> **Exercise goal**: Scan the listing below and copy each line holding the word "close".

> **Given records**:
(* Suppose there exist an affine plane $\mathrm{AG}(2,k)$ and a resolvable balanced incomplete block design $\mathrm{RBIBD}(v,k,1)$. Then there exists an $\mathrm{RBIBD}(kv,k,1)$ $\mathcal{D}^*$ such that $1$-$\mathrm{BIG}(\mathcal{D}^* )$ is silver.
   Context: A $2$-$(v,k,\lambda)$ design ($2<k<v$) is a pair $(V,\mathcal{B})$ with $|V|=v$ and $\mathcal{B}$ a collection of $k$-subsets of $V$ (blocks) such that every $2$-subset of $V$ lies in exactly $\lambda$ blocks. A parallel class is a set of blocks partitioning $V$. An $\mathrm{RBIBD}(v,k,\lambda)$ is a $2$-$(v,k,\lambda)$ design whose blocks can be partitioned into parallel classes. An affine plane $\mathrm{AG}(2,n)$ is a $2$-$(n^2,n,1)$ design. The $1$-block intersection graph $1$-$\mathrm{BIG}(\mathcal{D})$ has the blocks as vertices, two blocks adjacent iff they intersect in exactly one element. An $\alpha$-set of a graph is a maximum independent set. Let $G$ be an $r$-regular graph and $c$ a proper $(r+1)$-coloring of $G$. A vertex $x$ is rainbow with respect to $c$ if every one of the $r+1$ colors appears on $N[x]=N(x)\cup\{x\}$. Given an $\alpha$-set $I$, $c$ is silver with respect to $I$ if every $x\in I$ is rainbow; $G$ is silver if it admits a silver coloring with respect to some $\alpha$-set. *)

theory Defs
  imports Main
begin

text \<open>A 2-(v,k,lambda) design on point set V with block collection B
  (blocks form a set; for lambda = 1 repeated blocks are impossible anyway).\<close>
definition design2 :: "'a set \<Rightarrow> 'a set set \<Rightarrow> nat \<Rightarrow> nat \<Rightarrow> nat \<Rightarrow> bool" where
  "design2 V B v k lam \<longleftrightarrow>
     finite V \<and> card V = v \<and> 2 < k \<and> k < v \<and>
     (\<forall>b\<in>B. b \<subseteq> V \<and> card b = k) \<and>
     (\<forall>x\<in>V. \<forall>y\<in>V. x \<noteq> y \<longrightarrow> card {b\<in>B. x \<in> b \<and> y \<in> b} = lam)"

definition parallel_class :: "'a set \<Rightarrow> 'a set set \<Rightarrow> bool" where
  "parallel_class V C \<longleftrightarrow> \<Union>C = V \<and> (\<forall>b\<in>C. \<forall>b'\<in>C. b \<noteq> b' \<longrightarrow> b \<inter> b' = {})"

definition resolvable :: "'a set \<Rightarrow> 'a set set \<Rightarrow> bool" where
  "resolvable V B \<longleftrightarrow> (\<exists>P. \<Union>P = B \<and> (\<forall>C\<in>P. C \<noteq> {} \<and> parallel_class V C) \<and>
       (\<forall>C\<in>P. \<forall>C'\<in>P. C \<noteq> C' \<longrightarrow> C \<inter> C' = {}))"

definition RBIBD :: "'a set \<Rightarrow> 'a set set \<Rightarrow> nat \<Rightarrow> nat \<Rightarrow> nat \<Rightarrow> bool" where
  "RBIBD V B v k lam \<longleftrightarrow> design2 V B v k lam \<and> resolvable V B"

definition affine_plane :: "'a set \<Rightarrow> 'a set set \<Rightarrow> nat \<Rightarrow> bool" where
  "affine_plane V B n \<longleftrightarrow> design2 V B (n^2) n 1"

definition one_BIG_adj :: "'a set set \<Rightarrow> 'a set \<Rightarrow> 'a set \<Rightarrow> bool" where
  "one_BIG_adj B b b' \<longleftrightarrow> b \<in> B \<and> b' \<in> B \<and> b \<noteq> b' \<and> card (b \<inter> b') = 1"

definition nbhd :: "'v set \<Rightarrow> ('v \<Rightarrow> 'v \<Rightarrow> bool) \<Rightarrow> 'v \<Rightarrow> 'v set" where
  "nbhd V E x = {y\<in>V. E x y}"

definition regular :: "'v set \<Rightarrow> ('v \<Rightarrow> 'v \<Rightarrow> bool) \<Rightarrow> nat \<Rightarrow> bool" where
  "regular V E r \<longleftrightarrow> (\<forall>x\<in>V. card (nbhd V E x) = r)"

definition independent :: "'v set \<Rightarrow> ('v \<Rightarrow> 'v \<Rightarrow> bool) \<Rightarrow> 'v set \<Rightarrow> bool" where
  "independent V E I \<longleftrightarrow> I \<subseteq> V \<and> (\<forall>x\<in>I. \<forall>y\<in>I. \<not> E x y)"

==

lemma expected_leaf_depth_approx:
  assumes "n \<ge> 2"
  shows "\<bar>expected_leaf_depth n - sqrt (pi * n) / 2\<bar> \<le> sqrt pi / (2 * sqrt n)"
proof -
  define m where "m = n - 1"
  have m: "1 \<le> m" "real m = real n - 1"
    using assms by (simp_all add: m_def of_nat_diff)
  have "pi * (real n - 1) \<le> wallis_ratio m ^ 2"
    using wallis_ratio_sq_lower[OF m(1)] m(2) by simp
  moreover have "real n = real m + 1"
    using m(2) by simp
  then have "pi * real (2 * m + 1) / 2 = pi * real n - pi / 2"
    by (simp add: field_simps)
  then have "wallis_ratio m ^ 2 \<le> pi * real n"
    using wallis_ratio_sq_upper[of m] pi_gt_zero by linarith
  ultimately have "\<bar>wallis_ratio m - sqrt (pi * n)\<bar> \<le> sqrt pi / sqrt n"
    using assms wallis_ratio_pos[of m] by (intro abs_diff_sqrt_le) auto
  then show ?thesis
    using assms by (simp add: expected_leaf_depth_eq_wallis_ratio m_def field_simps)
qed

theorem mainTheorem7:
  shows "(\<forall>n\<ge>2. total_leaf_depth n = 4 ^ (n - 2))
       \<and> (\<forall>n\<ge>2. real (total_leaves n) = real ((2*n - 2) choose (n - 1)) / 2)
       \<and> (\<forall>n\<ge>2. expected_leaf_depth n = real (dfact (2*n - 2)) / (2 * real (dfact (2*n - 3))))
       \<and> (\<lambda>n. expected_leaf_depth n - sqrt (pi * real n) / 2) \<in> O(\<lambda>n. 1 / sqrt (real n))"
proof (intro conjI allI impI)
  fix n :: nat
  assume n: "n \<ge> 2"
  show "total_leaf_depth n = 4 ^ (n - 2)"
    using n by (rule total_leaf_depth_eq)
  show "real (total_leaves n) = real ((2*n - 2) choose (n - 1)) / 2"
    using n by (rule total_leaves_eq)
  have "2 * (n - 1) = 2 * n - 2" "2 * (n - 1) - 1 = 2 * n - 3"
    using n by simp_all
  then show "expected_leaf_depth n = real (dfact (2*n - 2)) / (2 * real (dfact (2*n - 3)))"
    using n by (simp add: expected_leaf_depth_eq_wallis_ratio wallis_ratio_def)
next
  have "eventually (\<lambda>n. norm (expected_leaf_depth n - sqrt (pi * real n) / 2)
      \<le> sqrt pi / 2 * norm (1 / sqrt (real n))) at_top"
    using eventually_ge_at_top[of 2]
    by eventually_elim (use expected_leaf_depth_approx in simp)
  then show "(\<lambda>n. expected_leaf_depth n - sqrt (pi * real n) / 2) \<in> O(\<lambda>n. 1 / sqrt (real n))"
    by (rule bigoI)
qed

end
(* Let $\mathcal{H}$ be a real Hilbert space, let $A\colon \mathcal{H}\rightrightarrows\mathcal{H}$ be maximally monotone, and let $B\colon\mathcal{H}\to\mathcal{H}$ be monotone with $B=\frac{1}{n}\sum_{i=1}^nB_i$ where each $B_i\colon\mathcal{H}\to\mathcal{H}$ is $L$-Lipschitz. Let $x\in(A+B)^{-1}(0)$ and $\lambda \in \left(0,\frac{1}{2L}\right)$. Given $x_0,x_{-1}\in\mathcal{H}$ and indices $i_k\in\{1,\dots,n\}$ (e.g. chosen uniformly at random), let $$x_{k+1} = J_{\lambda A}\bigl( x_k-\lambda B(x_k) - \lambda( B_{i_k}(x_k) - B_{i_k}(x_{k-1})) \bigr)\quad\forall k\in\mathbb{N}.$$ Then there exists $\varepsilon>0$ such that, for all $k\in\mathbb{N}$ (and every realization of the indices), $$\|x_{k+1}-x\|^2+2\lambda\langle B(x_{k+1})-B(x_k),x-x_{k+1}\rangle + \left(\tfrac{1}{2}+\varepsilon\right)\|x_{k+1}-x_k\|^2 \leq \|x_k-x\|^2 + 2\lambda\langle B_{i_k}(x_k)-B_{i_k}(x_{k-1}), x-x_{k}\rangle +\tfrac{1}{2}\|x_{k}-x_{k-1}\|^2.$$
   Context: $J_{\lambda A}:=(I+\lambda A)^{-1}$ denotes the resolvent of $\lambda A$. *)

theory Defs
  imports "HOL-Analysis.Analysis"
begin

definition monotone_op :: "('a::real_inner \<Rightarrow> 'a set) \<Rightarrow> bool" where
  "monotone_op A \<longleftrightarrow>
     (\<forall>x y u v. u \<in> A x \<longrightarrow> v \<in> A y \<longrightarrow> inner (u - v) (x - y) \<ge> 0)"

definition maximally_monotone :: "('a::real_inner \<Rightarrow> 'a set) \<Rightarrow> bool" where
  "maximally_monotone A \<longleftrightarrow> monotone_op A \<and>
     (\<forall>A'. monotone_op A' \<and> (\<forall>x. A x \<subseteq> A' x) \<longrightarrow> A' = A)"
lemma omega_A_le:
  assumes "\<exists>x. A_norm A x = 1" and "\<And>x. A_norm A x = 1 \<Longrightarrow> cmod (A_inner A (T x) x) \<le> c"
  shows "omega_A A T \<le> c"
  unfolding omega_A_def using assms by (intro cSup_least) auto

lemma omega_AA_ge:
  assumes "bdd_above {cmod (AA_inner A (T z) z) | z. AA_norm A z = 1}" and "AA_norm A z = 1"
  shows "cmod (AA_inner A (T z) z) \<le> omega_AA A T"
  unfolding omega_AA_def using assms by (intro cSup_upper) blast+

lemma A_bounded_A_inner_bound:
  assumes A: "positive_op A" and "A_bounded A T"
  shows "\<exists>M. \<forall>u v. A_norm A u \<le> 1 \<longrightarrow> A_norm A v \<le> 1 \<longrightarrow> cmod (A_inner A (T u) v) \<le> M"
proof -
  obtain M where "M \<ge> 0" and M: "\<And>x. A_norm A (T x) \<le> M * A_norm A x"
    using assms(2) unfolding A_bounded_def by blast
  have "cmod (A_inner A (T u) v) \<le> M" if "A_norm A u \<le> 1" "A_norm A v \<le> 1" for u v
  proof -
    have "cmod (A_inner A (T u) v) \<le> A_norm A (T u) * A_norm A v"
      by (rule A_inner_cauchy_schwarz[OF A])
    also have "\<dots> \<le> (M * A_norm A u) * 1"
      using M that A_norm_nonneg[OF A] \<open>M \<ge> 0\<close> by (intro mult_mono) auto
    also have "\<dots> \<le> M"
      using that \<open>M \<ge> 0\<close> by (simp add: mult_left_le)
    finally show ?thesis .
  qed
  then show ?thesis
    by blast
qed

> **Finished exercise**:
  (blocks form a set; for lambda = 1 repeated blocks are impossible anyway).\<close>
      using M that A_norm_nonneg[OF A] \<open>M \<ge> 0\<close> by (intro mult_mono) auto
      using that \<open>M \<ge> 0\<close> by (simp add: mult_left_le)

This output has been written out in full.